Search the records below for the word "metis", then return every line where it appears.

*Material provided*.
BEGIN

lemma line_component_nonid:
  assumes "line_component C S" and "v \<in> S"
  shows "nonid C v"
proof -
  obtain u where "nonid C u" and S: "S = {v. (g1_adj C)\<^sup>*\<^sup>* u v}"
    using assms(1) unfolding line_component_def by blast
  have "(g1_adj C)\<^sup>*\<^sup>* u v" using assms(2) S by blast
  then show ?thesis
    by (induction rule: rtranclp_induct) (use \<open>nonid C u\<close> in \<open>auto simp: g1_adj_def g1_hom_def\<close>)
qed

lemma line_component_invariant:
  assumes "line_component C S"
    and invariant: "\<And>u v w. g1_hom C u v w \<Longrightarrow> \<phi> u = \<phi> v"
    and "u \<in> S" and "v \<in> S"
  shows "\<phi> u = \<phi> v"
proof -
  obtain u\<^sub>0 where S: "S = {v. (g1_adj C)\<^sup>*\<^sup>* u\<^sub>0 v}"
    using assms(1) unfolding line_component_def by blast
  have "\<phi> v = \<phi> u\<^sub>0" if "(g1_adj C)\<^sup>*\<^sup>* u\<^sub>0 v" for v
    using that
  proof (induction rule: rtranclp_induct)
    case (step y z)
    then show ?case using invariant unfolding g1_adj_def by metis
  qed simp
  then show ?thesis using assms(3,4) S by (metis mem_Collect_eq)
qed

theorem proposition4p4:
  fixes C :: "('o, 'm) cat"
    and dM dN :: "'o \<Rightarrow> nat"
    and M N :: "'m \<Rightarrow> 'k::field mat"
    and S :: "'m set"
  assumes "category C"
    and "no_id_composites C"
    and "kC_module C dM M"
    and "kC_module C dN N"
    and "d0_vanishes C dM M dN N"
    and "line_component C S"
  shows "(\<forall>u\<in>S. \<forall>v\<in>S. rk_inv M N u = rk_inv M N v) \<and>
         (\<forall>x\<in>Dom C ` S \<union> Cod C ` S. \<forall>y\<in>Dom C ` S \<union> Cod C ` S.
            rk_inv M N (Id C x) = rk_inv M N (Id C y))"
proof -
  note setting = assms(1,3,4,5)
  have on_morphisms: "rk_inv M N u = rk_inv M N v" if "u \<in> S" "v \<in> S" for u v
    using line_component_invariant[OF assms(6) rk_inv_g1_hom[OF setting] that] .
  have on_domains: "rk_inv M N (Id C (Dom C u)) = rk_inv M N (Id C (Dom C v))"
    if "u \<in> S" "v \<in> S" for u v
    using line_component_invariant[OF assms(6) rk_inv_Id_g1_hom[OF setting] that] .
  have on_ends: "rk_inv M N (Id C x) = rk_inv M N (Id C (Dom C v))"
    if "v \<in> S" and "x = Dom C v \<or> x = Cod C v" for v x
    using that line_component_nonid[OF assms(6)] rk_inv_Id_Cod_eq_Dom[OF setting]
    unfolding nonid_def by blast
  show ?thesis
  proof (intro conjI ballI)
    fix u v assume "u \<in> S" "v \<in> S"
    then show "rk_inv M N u = rk_inv M N v" by (rule on_morphisms)
  next
    fix x y assume "x \<in> Dom C ` S \<union> Cod C ` S" "y \<in> Dom C ` S \<union> Cod C ` S"
    then obtain u v where "u \<in> S" "x = Dom C u \<or> x = Cod C u"
      and "v \<in> S" "y = Dom C v \<or> y = Cod C v"
      by blast
    then show "rk_inv M N (Id C x) = rk_inv M N (Id C y)"
      using on_ends on_domains by metis
  qed
qed

end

END

*Answer space*.
    then show ?case using invariant unfolding g1_adj_def by metis
  then show ?thesis using assms(3,4) S by (metis mem_Collect_eq)
      using on_ends on_domains by metis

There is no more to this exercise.